Late-Night Google Searches, Answered by a Tired Mom

How long does this "witching hour" screaming really last?

For us, it peaked around six to eight weeks and was an absolute nightmare from about 5 PM to 9 PM every single night. By three months, it started getting shorter, and by four months, it mostly disappeared. Just keep telling yourself it's a phase, because it honestly is, even when it feels like a life sentence.

Is it safe to have the TV on with a newborn in the room?

My doctor basically told me that when they're this tiny, their vision is terrible anyway and they can't even focus on the screen across the room. Obviously, don't park them two inches from a blasting television, but having a movie on while you bounce them in the dark is absolutely fine and usually just is extra white noise.

What if my baby absolutely hates being swaddled?

Our baby fought the swaddle like a feral cat every single time we put her in it, but the second we got it secure, she would instantly calm down. Sometimes they hate the *process* of being restricted, but they need the actual restriction to stop their startle reflex from waking them up. Keep trying different fabrics until you find one with the right stretch.

Did cutting out dairy or caffeine honestly stop the crying?

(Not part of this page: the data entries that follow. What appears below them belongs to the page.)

lemma continuous_on_line_coords: "continuous_on UNIV line_coords"
  unfolding line_coords_def killing_perp_line by (intro continuous_intros)

lemma invertible_C_N_line:
  assumes "d \<noteq> 1"
  shows "invertible (C_N Xn1 Zbar (line_coords d))"
proof -
  have "C_N Xn1 Zbar (line_coords d) *v x = C_line d x" for x
    unfolding C_N_mult_vec qpt_line_coords C_line_def ..
  then show ?thesis
    unfolding invertible_left_inverse matrix_left_invertible_ker using C_line_injective[OF assms] by auto
qed

lemma Lambda_N_line_pairing:
  assumes "d \<noteq> 1"
    and a: "Xa12 = (\<Sum>i\<in>UNIV. smul (a $ i) (Z i))"
    and b: "Xa123 = (\<Sum>i\<in>UNIV. smul (b $ i) (Z i))"
  shows "(\<Sum>i\<in>UNIV. a$i * (Lambda_N Xn1 Z Zbar (line_coords d) *v b)$i) = 16 * (2 * d - 1) / (d - 1)"
proof -
  let ?q = "line_coords d"
  have C_sol: "C_N Xn1 Zbar ?q *v line_sol (d / (d - 1)) = D_N Xn1 Z Zbar ?q *v b"
    unfolding C_N_mult_vec D_N_mult_vec qpt_line_coords C_line_def[symmetric] b[symmetric]
    by (rule C_line_line_sol[OF assms(1)])
  have "(\<Sum>i\<in>UNIV. a$i * (Lambda_N Xn1 Z Zbar ?q *v b)$i)
      = (\<Sum>i\<in>UNIV. a$i * (A_N Z Zbar ?q *v b)$i)
        + (\<Sum>l\<in>UNIV. (D_N Xn1 Z Zbar ?q *v a)$l * line_sol (d / (d - 1)) $ l)"
    unfolding Lambda_N_def by (rule pairing_schur_complement[OF invertible_C_N_line[OF assms(1)] C_sol])
  also have "\<dots> = 16 * (1 + d / (d - 1))"
    unfolding A_N_pairing D_N_mult_vec qpt_line_coords a[symmetric] b[symmetric] brk_Xa12_Xa123
      killing_perp_line_brk_Xa12
    by (simp add: sum_10 line_sol_def)
  also have "\<dots> = 16 * (2 * d - 1) / (d - 1)"
    using assms(1) by (simp add: field_simps)
  finally show ?thesis .
qed

theorem Lambda_N_not_polynomial:
  "\<exists>i j. \<not> (\<exists>P\<in>poly_fun. \<forall>q. invertible (C_N Xn1 Zbar q) \<longrightarrow> Lambda_N Xn1 Z Zbar q $ i $ j = P q)"
proof (rule ccontr)
  assume "\<not> ?thesis"
  then obtain P where P_poly: "\<And>i j. P i j \<in> poly_fun"
    and P_eq: "\<And>i j q. invertible (C_N Xn1 Zbar q) \<Longrightarrow> Lambda_N Xn1 Z Zbar q $ i $ j = P i j q"
    by metis
  obtain a where a: "Xa12 = (\<Sum>i\<in>UNIV. smul (a $ i) (Z i))"
    using Z_span_cent_e Xa12_Xa123_cent_e(1) by blast
  obtain b where b: "Xa123 = (\<Sum>i\<in>UNIV. smul (b $ i) (Z i))"
    using Z_span_cent_e Xa12_Xa123_cent_e(2) by blast
  define G where "G d = (\<Sum>i\<in>UNIV. a$i * (\<Sum>j\<in>UNIV. P i j (line_coords d) * b$j))" for d
  have "continuous_on UNIV G"
    unfolding G_def
    by (intro continuous_intros continuous_on_compose2[OF poly_fun_continuous_on[OF P_poly]
          continuous_on_line_coords]) auto
  then have G_cont: "isCont G 1" by (simp add: continuous_on_eq_continuous_at)
  have G_pole: "(d - 1) * G d = 16 * (2 * d - 1)" if "d \<noteq> 1" for d
  proof -
    have "G d = (\<Sum>i\<in>UNIV. a$i * (Lambda_N Xn1 Z Zbar (line_coords d) *v b)$i)"
      unfolding G_def matrix_vector_mult_def by (simp add: P_eq[OF invertible_C_N_line[OF that]])
    with that show ?thesis by (simp add: Lambda_N_line_pairing[OF that a b])
  qed
  have "isCont (\<lambda>d. 16 * (2 * d - 1 :: complex)) 1" by (intro continuous_intros)
  from isCont_times_diff_vanishes[OF G_cont this G_pole] show False by simp
qed

end

theorem mainTheorem7:
  shows "n1 \<inter> cent_e = {0}
    \<and> (\<forall>A\<in>sl4. \<exists>x\<in>n1. \<exists>z\<in>cent_e. A = x + z)
    \<and> (\<exists>x\<in>n1. brk hplus x \<notin> n1)
    \<and> (\<forall>(Z :: 5 \<Rightarrow> mat4) (Zbar :: 5 \<Rightarrow> mat4).
         (\<forall>i. Z i \<in> cent_e)
         \<and> (\<forall>c :: complex^5. (\<Sum>i\<in>UNIV. smul (c $ i) (Z i)) = 0 \<longrightarrow> c = 0)
         \<and> (\<forall>A\<in>cent_e. \<exists>c :: complex^5. A = (\<Sum>i\<in>UNIV. smul (c $ i) (Z i)))
         \<and> (\<forall>s. Zbar s \<in> sl4)
         \<and> (\<forall>s i. killing (Zbar s) (Z i) = (if s = i then 1 else 0))
         \<and> (\<forall>s j. killing (Zbar s) (Xn1 j) = 0)
       \<longrightarrow> (\<exists>i j. \<not> (\<exists>P \<in> poly_fun.
               \<forall>q. invertible (C_N Xn1 Zbar q) \<longrightarrow> Lambda_N Xn1 Z Zbar q $ i $ j = P q)))"
proof -
  have "transverse_basis Z Zbar"
    if "\<forall>A\<in>cent_e. \<exists>c. A = (\<Sum>i\<in>UNIV. smul (c $ i) (Z i))" and "\<forall>s. Zbar s \<in> sl4"
      and "\<forall>s i. killing (Zbar s) (Z i) = (if s = i then 1 else 0)"
      and "\<forall>s j. killing (Zbar s) (Xn1 j) = 0"
    for Z Zbar :: "5 \<Rightarrow> mat4"
    using that by unfold_locales auto
  then show ?thesis
    using n1_inter_cent_e sl4_eq_n1_plus_cent_e n1_not_ad_hplus_invariant
      transverse_basis.Lambda_N_not_polynomial
    by blast
qed

end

I tried cutting out milk, cheese, and my morning coffee all at once, which just turned me into a raging monster. Unless your baby has other things to watch for like weird rashes or mucous in their diaper, dietary changes often don't do a darn thing for normal colic. Talk to your doctor before you make yourself miserable for no reason.

Is a movie like Cry-Baby too loud for baby sleep?

Honestly, babies in the womb are used to noise that's roughly as loud as a lawnmower, thanks to your blood flow and digestion. Rockabilly music and exaggerated movie dialogue at a normal volume isn't going to hurt them, and it might even soothe them more than a dead-silent room would.